第211話 戦後の情報拡散
惑星国家同士の戦争は、その実情を知る者からすればあまりにもあっけない幕切れであった。
だがそれを第三者の視点から見れば、ラウンドの防衛ラインを無視して直接首都ペンドラゴンへ侵攻したネクサスにより、首都ペンドラゴンは甚大な被害を被り、その時点で迎撃可能だった部隊を展開するもこれをことごとく撃破され、ウーゼル王が降伏を宣言した、となる。
ウーゼルの降伏を承諾したネクサスの代表マルグリットは、事後処理の後、すぐに行動を起こしてスムーズに終戦協定が締結され、正式に戦争が終わる事となる。

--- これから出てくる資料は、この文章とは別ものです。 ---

definition superalgebra ::
  "('k::field \<Rightarrow> 'a::ab_group_add \<Rightarrow> 'a) \<Rightarrow> ('a \<Rightarrow> 'a \<Rightarrow> 'a) \<Rightarrow> 'a set \<Rightarrow> 'a set \<Rightarrow> bool" where
  "superalgebra scale mul A0 A1 \<longleftrightarrow>
     vector_space scale \<and>
     module.subspace scale A0 \<and> module.subspace scale A1 \<and>
     A0 \<inter> A1 = {0} \<and> (\<forall>x. \<exists>a\<in>A0. \<exists>b\<in>A1. x = a + b) \<and>
     bilinear_product scale mul \<and>
     (\<forall>x\<in>A0. \<forall>y\<in>A0. mul x y \<in> A0) \<and>
     (\<forall>x\<in>A0. \<forall>y\<in>A1. mul x y \<in> A1) \<and>
     (\<forall>x\<in>A1. \<forall>y\<in>A0. mul x y \<in> A1) \<and>
     (\<forall>x\<in>A1. \<forall>y\<in>A1. mul x y \<in> A0)"

definition finite_dimensional :: "('k::field \<Rightarrow> 'a::ab_group_add \<Rightarrow> 'a) \<Rightarrow> bool" where
  "finite_dimensional scale \<longleftrightarrow> (\<exists>S. finite S \<and> module.span scale S = UNIV)"

definition associative_product :: "('a \<Rightarrow> 'a \<Rightarrow> 'a) \<Rightarrow> bool" where
  "associative_product mul \<longleftrightarrow> (\<forall>x y z. mul (mul x y) z = mul x (mul y z))"

definition bilinear_form :: "('k::field \<Rightarrow> 'a::ab_group_add \<Rightarrow> 'a) \<Rightarrow> ('a \<Rightarrow> 'a \<Rightarrow> 'k) \<Rightarrow> bool" where
  "bilinear_form scale B \<longleftrightarrow>
     (\<forall>x y z. B (x + y) z = B x z + B y z) \<and>
     (\<forall>x y z. B x (y + z) = B x y + B x z) \<and>
     (\<forall>c x y. B (scale c x) y = c * B x y) \<and>
     (\<forall>c x y. B x (scale c y) = c * B x y)"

ラウンド側の宣戦布告からみても数ヵ月程度の出来事。戦争と呼ぶにはあまりも短く、一方で損失額という数字でみればおそらくではあるが有史以来最大額の損害を出している。
しかもその被害というのも、あまりにも一方的。
ネクサス側の人的損失はゼロ。それに対してラウンドはすでに正確な数を把握できていないほど、人命が失われた。
こんな戦争があるものか。そう誰もが口にする。
一方、この終戦のニュースはあっという間に別の話題にさらわれてしまう。
それは――ウロボロスネストの存在である。
その存在は、各惑星の軍事部や裏社会では知られていたが。
だが、
具体的な内容は、直近ならば惑星アクエリアスにおいて始祖種族の兵器であるゾームを起動させた事。少し遡れば、惑星ディノスと惑星フォシルの対立を煽り、惑星アルヴの王家殺害と女王との入れ替わり、惑星レイスや惑星ウィンダムでは機動兵器の開発。危険薬物の流通や人身売買に、複数のテロ。誘拐、殺人。
そして――その被害者リスト。
記載された名前には、各惑星の要人の名もあり、世紀のスキャンダルとして惑星間戦争の終戦よりも大きく扱われた。

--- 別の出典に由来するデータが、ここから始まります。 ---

text \<open>The perturbed threshold changes the decision at time t only if p_t falls into the window
  (\<lambda>_t^base, min 1 (\<lambda>_t^base + \<epsilon>_t)]. The base threshold is a function of the past, and
  conditionally on the past p_t has the L-Lipschitz CDF G or the identity, so the window has
  probability at most 2 L \<epsilon>_t (condition on \<lambda>_t^base lying in a bin of width at most \<epsilon>_t).
  Each flip costs at most a + b, and \<Sum>_{t\<le>T} \<epsilon>_t \<le> 2 \<kappa> \<alpha> \<surd>T, so the expected regrets differ by
  O(\<surd>T) = o(T); together with the trivial bound (a + b) T and \<Omega>(T) for the base procedure this
  gives \<Theta>(T). The argument works for every realisation of Z in [0,1].\<close>

lemma measurable_lam_base:
  assumes "\<And>t. p t \<in> borel_measurable M" "F t \<in> borel_measurable (PiM UNIV (\<lambda>_. borel))"
  shows "lam_base F p t \<in> borel_measurable M"
proof -
  have "(\<lambda>\<omega> s. p s \<omega>) \<in> measurable M (PiM UNIV (\<lambda>_. borel))"
    by (rule measurable_PiM_single') (use assms in auto)
  from measurable_comp[OF this assms(2)] show ?thesis
    unfolding lam_base_def by (simp add: o_def)
qed

lemma measurable_delta_base:
  assumes "\<And>t. p t \<in> borel_measurable M" "F t \<in> borel_measurable (PiM UNIV (\<lambda>_. borel))"
  shows "delta_base F p t \<in> measurable M (count_space UNIV)"
  unfolding delta_base_def using assms(1)[of t] measurable_lam_base[of p M F t, OF assms]
  by measurable

lemma measurable_delta_domt:
  assumes "\<And>t. p t \<in> borel_measurable M" "F t \<in> borel_measurable (PiM UNIV (\<lambda>_. borel))"
    and "Z t \<in> borel_measurable M"
  shows "delta_domt \<kappa> \<alpha> F p Z t \<in> measurable M (count_space UNIV)"
  unfolding delta_domt_def lam_domt_def
  using assms(1)[of t] assms(3) measurable_lam_base[of p M F t, OF assms(1,2)] by measurable

lemma measurable_regret:
  assumes "\<And>t. Y t \<in> measurable M (count_space UNIV)" "\<And>t. d t \<in> measurable M (count_space UNIV)"
  shows "regret a b Y d T \<in> borel_measurable M"
proof -
  have of_bool_meas: "(\<lambda>x. (of_bool (P x) :: real)) \<in> borel_measurable M"
    if "P \<in> measurable M (count_space UNIV)" for P
    by (rule measurable_compose[OF that measurable_of_bool])
  show ?thesis unfolding regret_def V_count_def M_count_def
    by (intro borel_measurable_add borel_measurable_times borel_measurable_const
        borel_measurable_sum of_bool_meas pred_intros_logic assms)
qed

lemma regret_nonneg:
  assumes "a \<ge> 0" "b \<ge> 0"
  shows "0 \<le> regret a b Y d T \<omega>"
  unfolding regret_def V_count_def M_count_def using assms by (simp add: sum_nonneg)

lemma regret_le:
  assumes "a \<ge> 0" "b \<ge> 0"
  shows "regret a b Y d T \<omega> \<le> (a + b) * real T"
proof -
  have count_le: "(\<Sum>t\<in>{1..T}. of_bool (P t) :: real) \<le> real T" for P
    using sum_bounded_above[of "{1..T}" "\<lambda>t. of_bool (P t) :: real" 1] by simp
  have "V_count Y d T \<omega> \<le> real T" "M_count Y d T \<omega> \<le> real T"
    unfolding V_count_def M_count_def by (rule count_le)+
  then have "a * V_count Y d T \<omega> + b * M_count Y d T \<omega> \<le> a * real T + b * real T"
    using assms by (intro add_mono mult_left_mono)
  then show ?thesis unfolding regret_def by (simp add: algebra_simps)
qed

lemma regret_diff_le:
  assumes "a \<ge> 0" "b \<ge> 0"
  shows "\<bar>regret a b Y d T \<omega> - regret a b Y d' T \<omega>\<bar>
           \<le> (a + b) * (\<Sum>t\<in>{1..T}. of_bool (d t \<omega> \<noteq> d' t \<omega>))"
proof -
  define u where "u t = a * (of_bool (\<not> Y t \<omega> \<and> d t \<omega>) - of_bool (\<not> Y t \<omega> \<and> d' t \<omega>))
    + b * (of_bool (Y t \<omega> \<and> \<not> d t \<omega>) - of_bool (Y t \<omega> \<and> \<not> d' t \<omega>))" for t
  have "regret a b Y d T \<omega> - regret a b Y d' T \<omega> = (\<Sum>t\<in>{1..T}. u t)"
    unfolding u_def regret_def V_count_def M_count_def
    by (simp add: sum_subtractf sum.distrib sum_distrib_left algebra_simps)
  then have "\<bar>regret a b Y d T \<omega> - regret a b Y d' T \<omega>\<bar> \<le> (\<Sum>t\<in>{1..T}. \<bar>u t\<bar>)"
    by (simp add: sum_abs)
  also have "\<dots> \<le> (\<Sum>t\<in>{1..T}. (a + b) * of_bool (d t \<omega> \<noteq> d' t \<omega>))"
    unfolding u_def using assms
    by (intro sum_mono) (cases "Y t \<omega>"; cases "d t \<omega>"; cases "d' t \<omega>"; simp)
  also have "\<dots> = (a + b) * (\<Sum>t\<in>{1..T}. of_bool (d t \<omega> \<noteq> d' t \<omega>))"
    by (rule sum_distrib_left[symmetric])
  finally show ?thesis .
qed

lemma (in finite_measure) integrable_regret:
  assumes "\<And>t. Y t \<in> measurable M (count_space UNIV)" "\<And>t. d t \<in> measurable M (count_space UNIV)"
    and "a \<ge> 0" "b \<ge> 0"
  shows "integrable M (regret a b Y d T)"
proof (rule integrable_const_bound[where B = "(a + b) * real T"])
  show "AE \<omega> in M. norm (regret a b Y d T \<omega>) \<le> (a + b) * real T"
    using regret_nonneg[OF assms(3,4), of Y d T] regret_le[OF assms(3,4), of Y d T]
    by (intro AE_I2) simp
qed (rule measurable_regret[OF assms(1,2)])

lemma (in prob_space) expected_regret_bigo:
  assumes "\<And>t. Y t \<in> measurable M (count_space UNIV)" "\<And>t. d t \<in> measurable M (count_space UNIV)"
    and "a \<ge> 0" "b \<ge> 0"
  shows "(\<lambda>T. \<integral>\<omega>. regret a b Y d T \<omega> \<partial>M) \<in> O(\<lambda>T. real T)"
proof (intro bigoI[where c = "a + b"] always_eventually allI)
  fix T
  have "0 \<le> (\<integral>\<omega>. regret a b Y d T \<omega> \<partial>M)"
    using assms by (intro integral_nonneg_AE AE_I2 regret_nonneg)
  moreover have "(\<integral>\<omega>. regret a b Y d T \<omega> \<partial>M) \<le> (\<integral>\<omega>. (a + b) * real T \<partial>M)"
    using assms by (intro integral_mono integrable_regret regret_le) auto
  ultimately show "norm (\<integral>\<omega>. regret a b Y d T \<omega> \<partial>M) \<le> (a + b) * norm (real T)"
    by (simp add: prob_space)
qed

lemma (in finite_measure) expected_regret_diff_le:
  assumes Y_meas: "\<And>t. Y t \<in> measurable M (count_space UNIV)"
    and d_meas: "\<And>t. d t \<in> measurable M (count_space UNIV)"
    and d'_meas: "\<And>t. d' t \<in> measurable M (count_space UNIV)"
    and ab: "a \<ge> 0" "b \<ge> 0"
    and E_sets: "\<And>t. E t \<in> sets M"
    and flips: "AE \<omega> in M. \<forall>t. d t \<omega> \<noteq> d' t \<omega> \<longrightarrow> \<omega> \<in> E t"
  shows "\<bar>(\<integral>\<omega>. regret a b Y d T \<omega> \<partial>M) - (\<integral>\<omega>. regret a b Y d' T \<omega> \<partial>M)\<bar>
           \<le> (a + b) * (\<Sum>t\<in>{1..T}. measure M (E t))"
proof -
  let ?r = "regret a b Y d T" and ?r' = "regret a b Y d' T"
  have pointwise: "AE \<omega> in M. \<bar>?r \<omega> - ?r' \<omega>\<bar> \<le> (a + b) * (\<Sum>t\<in>{1..T}. indicator (E t) \<omega>)"
    using flips
  proof eventually_elim
    case (elim \<omega>)
    then have "(\<Sum>t\<in>{1..T}. of_bool (d t \<omega> \<noteq> d' t \<omega>)) \<le> (\<Sum>t\<in>{1..T}. indicator (E t) \<omega> :: real)"
      by (intro sum_mono) (auto simp: indicator_def)
    with ab have "(a + b) * (\<Sum>t\<in>{1..T}. of_bool (d t \<omega> \<noteq> d' t \<omega>))
                    \<le> (a + b) * (\<Sum>t\<in>{1..T}. indicator (E t) \<omega>)"
      by (intro mult_left_mono) auto
    with regret_diff_le[OF ab] show ?case by (rule order_trans)
  qed
  have integrable_r: "integrable M ?r" and integrable_r': "integrable M ?r'"
    using Y_meas d_meas d'_meas ab by (auto intro!: integrable_regret)
  have integrable_E: "integrable M (indicator (E t) :: _ \<Rightarrow> real)" for t
    using E_sets[of t] by (simp add: integrable_indicator_iff less_top[symmetric])
  have "\<bar>(\<integral>\<omega>. ?r \<omega> \<partial>M) - (\<integral>\<omega>. ?r' \<omega> \<partial>M)\<bar> \<le> (\<integral>\<omega>. \<bar>?r \<omega> - ?r' \<omega>\<bar> \<partial>M)"
    using integral_norm_bound[of M "\<lambda>\<omega>. ?r \<omega> - ?r' \<omega>"] integrable_r integrable_r' by simp
  also have "\<dots> \<le> (\<integral>\<omega>. (a + b) * (\<Sum>t\<in>{1..T}. indicator (E t) \<omega>) \<partial>M)"
    using integrable_r integrable_r' integrable_E by (intro integral_mono_AE pointwise) auto
  also have "\<dots> = (a + b) * (\<Sum>t\<in>{1..T}. measure M (E t))"
    using integrable_E E_sets by (simp add: integral_sum)
  finally show ?thesis .
qed

lemma sum_inverse_sqrt_le: "(\<Sum>t\<in>{1..T}. 1 / sqrt (real t)) \<le> 2 * sqrt (real T)"
proof (induction T)
  case 0
  then show ?case by simp
next
  case (Suc n)
  let ?a = "sqrt (real (Suc n))" and ?b = "sqrt (real n)"
  have "1 = (?a - ?b) * (?a + ?b)" by (simp add: algebra_simps)
  also have "\<dots> \<le> (?a - ?b) * (2 * ?a)" by (intro mult_left_mono) auto
  finally have "1 \<le> (2 * ?a - 2 * ?b) * ?a" by (simp add: algebra_simps)
  then have "1 / ?a \<le> 2 * ?a - 2 * ?b" by (simp add: divide_le_eq)
  moreover have "(\<Sum>t\<in>{1..Suc n}. 1 / sqrt (real t)) = (\<Sum>t\<in>{1..n}. 1 / sqrt (real t)) + 1 / ?a"
    by simp
  ultimately show ?case using Suc.IH by linarith
qed

lemma hist_events_subset_sets:
  assumes "\<And>t. Y t \<in> measurable M (count_space UNIV)" "\<And>t. p t \<in> borel_measurable M"
  shows "hist_events M Y p t \<subseteq> sets M"
  unfolding hist_events_def
  by (rule sets.sigma_sets_subset) (use measurable_sets[OF assms(1)] measurable_sets[OF assms(2)] in auto)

どこに潜んでいるかもわからず、いつ自分達にも牙を向けてくるか分からない組織、ウロボロスネスト。
その存在を知った者たちは、声をそろえる。
恐ろしい。絶対に許せない。見つけ出せ。――殺せ、と。
悪感情という形ではあるが、宇宙に住む人間の意思は統一される。
全宇宙共通の敵となる、というウロボロスネスト結成当初の目的はこうして達成されたのである。
尤も――すでにその組織が壊滅している、ということはその当事者たちしか知らないのだが。
『……ずいぶんと派手に動いたものだな』
「でも、そのかいはあった」
ミスター・ノウレッジという自我を獲得した始祖種族の遺産のメインユニットの前に座ったリオンは、自前の端末を操作しながら、機械の言葉に反応を返した。

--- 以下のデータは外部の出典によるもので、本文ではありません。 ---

lemma image_torus_mult_eq_vimage:
  assumes "x \<in> torus r" "S \<subseteq> torus r"
  shows "(*) x ` S = (*) (torus_inv x) -` S \<inter> torus r"
proof (intro set_eqI iffI)
  fix w assume "w \<in> (*) x ` S"
  then show "w \<in> (*) (torus_inv x) -` S \<inter> torus r"
    using assms torus_mult_closed torus_inv_mult_cancel by auto
next
  fix w assume w: "w \<in> (*) (torus_inv x) -` S \<inter> torus r"
  have "w = x * (torus_inv x * w)"
    using torus_mult_inv[OF assms(1)] by (simp flip: mult.assoc)
  then show "w \<in> (*) x ` S"
    using w by blast
qed

lemma inj_torus_mult: "x \<in> torus r \<Longrightarrow> inj ((*) x)"
  by (metis injI torus_inv_mult_cancel)

lemma haar_translate_in_sets:
  assumes "haar_prob_measure r M" "x \<in> torus r" "S \<in> sets M"
  shows "(*) x ` S \<in> sets M"
proof -
  have S: "S \<subseteq> torus r" "S \<in> sets borel"
    using assms sets_haar_iff by blast+
  have "(*) (torus_inv x) -` S \<in> sets borel"
    using borel_measurable_continuous_onI[OF continuous_on_torus_mult_left] S(2)
    by (metis measurable_sets space_borel vimage_Int Int_UNIV_right inf_top.right_neutral)
  then show ?thesis
    using image_torus_mult_eq_vimage[OF assms(2) S(1)] sets_haar_iff[OF assms(1)] closed_torus by auto
qed

lemma measure_haar_translate:
  assumes "haar_prob_measure r M" "x \<in> torus r" "S \<in> sets M"
  shows "measure M ((*) x ` S) = measure M S"
  using haar_prob_measureD(4)[OF assms(1) assms(2,3)] by (simp add: measure_def)

lemma measure_haar_translate_sym_diff:
  assumes "haar_prob_measure r M" "x \<in> torus r" "S \<in> sets M" "S' \<in> sets M"
  shows "measure M (sym_diff ((*) x ` S) ((*) x ` S')) = measure M (sym_diff S S')"
  using measure_haar_translate[OF assms(1,2), of "sym_diff S S'"] assms(3,4)
  by (simp add: image_sym_diff[OF inj_torus_mult[OF assms(2)]])

lemma dist_torus_mult_one:
  assumes "z \<in> torus r" "w \<in> torus r"
  shows "dist (z * w) w = dist z 1"
  using dist_torus_mult_left[OF assms(2), of z 1] by (simp add: mult.commute)

lemma torus_translate_diff_subset:
  assumes A: "A \<subseteq> torus r" and "K \<subseteq> A" and z: "z \<in> torus r"
    and sep: "\<forall>x\<in>K. \<forall>y\<in>- U. \<delta> \<le> dist x y" and "dist z 1 < \<delta>"
  shows "(*) z ` A - A \<subseteq> (*) z ` (A - K) \<union> (U \<inter> torus r - A)"
proof
  fix w assume "w \<in> (*) z ` A - A"
  then obtain a where a: "a \<in> A" "w = z * a" "w \<notin> A"
    by auto
  have "a \<in> K \<Longrightarrow> w \<in> U"
    using sep \<open>dist z 1 < \<delta>\<close> dist_torus_mult_one[OF z, of a] a A by (force simp: dist_commute)
  moreover have "w \<in> torus r"
    using a A z torus_mult_closed by auto
  ultimately show "w \<in> (*) z ` (A - K) \<union> (U \<inter> torus r - A)"
    using a by auto
qed

lemma haar_translate_continuous_at_one:
  assumes M: "haar_prob_measure r M" and A: "A \<in> sets M" and e: "e > 0"
  shows "\<exists>\<delta>>0. \<forall>z\<in>torus r. dist z 1 < \<delta> \<longrightarrow> measure M (sym_diff ((*) z ` A) A) < e"
proof -
  interpret prob_space M
    using haar_prob_measureD(1)[OF M] .
  note approx = haar_prob_measureD(3)[OF M] borel_closed[OF closed_torus] A
  obtain K where K: "compact K" "K \<subseteq> A" "measure M (A - K) < e / 4"
    using restrict_borel_inner_approx[OF finite_measure_axioms approx, of "e / 4"] e by auto
  obtain U where U: "open U" "A \<subseteq> U" "measure M (U \<inter> torus r - A) < e / 4"
    using restrict_borel_outer_approx[OF finite_measure_axioms approx, of "e / 4"] e by auto
  obtain \<delta> where \<delta>: "\<delta> > 0" "\<forall>x\<in>K. \<forall>y\<in>- U. \<delta> \<le> dist x y"
    using separate_compact_closed_metric[OF K(1), of "- U"] U K(2) by auto
  have A_torus: "A \<subseteq> torus r"
    using A sets_haar_iff[OF M] by blast
  have KM: "K \<in> sets M" and UM: "U \<inter> torus r \<in> sets M"
    using K(1,2) U(1) A_torus sets_haar_iff[OF M] closed_torus
    by (auto simp: compact_imp_closed borel_closed)
  show ?thesis
  proof (intro exI[of _ \<delta>] conjI ballI impI \<delta>(1))
    fix z assume z: "z \<in> torus r" "dist z 1 < \<delta>"
    have zA: "(*) z ` A \<in> sets M" and zAK: "(*) z ` (A - K) \<in> sets M"
      using haar_translate_in_sets[OF M z(1)] A KM by auto
    have "(*) z ` A - A \<subseteq> (*) z ` (A - K) \<union> (U \<inter> torus r - A)"
      by (rule torus_translate_diff_subset[OF A_torus K(2) z(1) \<delta>(2) z(2)])
    then have "measure M ((*) z ` A - A) \<le> measure M ((*) z ` (A - K) \<union> (U \<inter> torus r - A))"
      by (rule finite_measure_mono) (use zAK UM A in auto)
    also have "\<dots> \<le> measure M ((*) z ` (A - K)) + measure M (U \<inter> torus r - A)"
      by (rule measure_Un_le) (use zAK UM A in auto)
    also have "\<dots> < e / 2"
      using measure_haar_translate[OF M z(1), of "A - K"] K(3) U(3) KM A by auto
    finally show "measure M (sym_diff ((*) z ` A) A) < e"
      using measure_sym_diff_eq_twice_diff[OF zA A finite_measure_axioms]
        measure_haar_translate[OF M z(1) A] by simp
  qed
qed

section \<open>The a.e. stabilizer of a set\<close>

definition ae_stabilizer :: "'a::times measure \<Rightarrow> 'a set \<Rightarrow> 'a set" where
  "ae_stabilizer M A = {x \<in> space M. measure M (sym_diff ((*) x ` A) A) = 0}"

lemma one_in_ae_stabilizer:
  assumes "haar_prob_measure r M"
  shows "1 \<in> ae_stabilizer M A"
  using haar_prob_measureD(2)[OF assms] one_in_torus by (simp add: ae_stabilizer_def)

lemma measure_sym_diff_translate_ae_stabilizer:
  assumes M: "haar_prob_measure r M" and A: "A \<in> sets M"
    and x: "x \<in> ae_stabilizer M A" and z: "z \<in> torus r"
  shows "measure M (sym_diff ((*) (x * z) ` A) A) \<le> measure M (sym_diff ((*) z ` A) A)"
proof -
  interpret prob_space M
    using haar_prob_measureD(1)[OF M] .
  have xT: "x \<in> torus r"
    using x haar_prob_measureD(2)[OF M] by (auto simp: ae_stabilizer_def)
  have sets: "(*) x ` A \<in> sets M" "(*) x ` ((*) z ` A) \<in> sets M" "(*) z ` A \<in> sets M"
    using haar_translate_in_sets[OF M] xT z A by auto
  have "measure M (sym_diff ((*) x ` ((*) z ` A)) A)
      \<le> measure M (sym_diff ((*) x ` ((*) z ` A)) ((*) x ` A)) + measure M (sym_diff ((*) x ` A) A)"
    using measure_sym_diff_triangle[OF sets(2,1) A finite_measure_axioms] .
  also have "\<dots> = measure M (sym_diff ((*) z ` A) A)"
    using measure_haar_translate_sym_diff[OF M xT sets(3) A] x by (simp add: ae_stabilizer_def)
  finally show ?thesis
    by (simp add: image_image mult.assoc)
qed

lemma ae_stabilizer_mult:
  assumes M: "haar_prob_measure r M" and A: "A \<in> sets M"
    and x: "x \<in> ae_stabilizer M A" and y: "y \<in> ae_stabilizer M A"
  shows "x * y \<in> ae_stabilizer M A"
proof -
  have T: "x \<in> torus r" "y \<in> torus r"
    using x y haar_prob_measureD(2)[OF M] by (auto simp: ae_stabilizer_def)
  have "measure M (sym_diff ((*) (x * y) ` A) A) \<le> 0"
    using measure_sym_diff_translate_ae_stabilizer[OF M A x T(2)] y by (simp add: ae_stabilizer_def)
  then show ?thesis
    using T torus_mult_closed haar_prob_measureD(2)[OF M] by (simp add: ae_stabilizer_def measure_le_0_iff)
qed

lemma ae_stabilizer_inv:
  assumes M: "haar_prob_measure r M" and A: "A \<in> sets M" and x: "x \<in> ae_stabilizer M A"
  shows "torus_inv x \<in> ae_stabilizer M A"
proof -
  have T: "x \<in> torus r" "torus_inv x \<in> torus r"
    using x haar_prob_measureD(2)[OF M] torus_inv_closed by (auto simp: ae_stabilizer_def)
  have "(*) x ` ((*) (torus_inv x) ` A) = A"
    by (simp add: image_image torus_mult_inv[OF T(1)] flip: mult.assoc)
  then have "measure M (sym_diff ((*) (torus_inv x) ` A) A) = measure M (sym_diff A ((*) x ` A))"
    using measure_haar_translate_sym_diff[OF M T(1) haar_translate_in_sets[OF M T(2) A] A] by simp
  then show ?thesis
    using x T(2) haar_prob_measureD(2)[OF M] by (simp add: ae_stabilizer_def Un_commute)
qed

「リオンたちは、ぜったいあくでなければならない。そして、それをたおしたのが、あなたたちであることがじゅうよう」
『なるほど。それはわかる。存外単純な話だ。絶対的な悪を打倒した英雄は、人々の統率者となるのは、珍しい話ではない』
「だから、うろぼろすねすとのかいめつは、まだふせてある。けど……」
『ああ。そうだな。インベーダーの襲来までそう時間はない。情報開示のタイミングは重要だ』
現状、人々はウロボロスネストを畏怖の対象としており、それを倒したエクスキャリバーンを英雄視する動きはかならなず存在する。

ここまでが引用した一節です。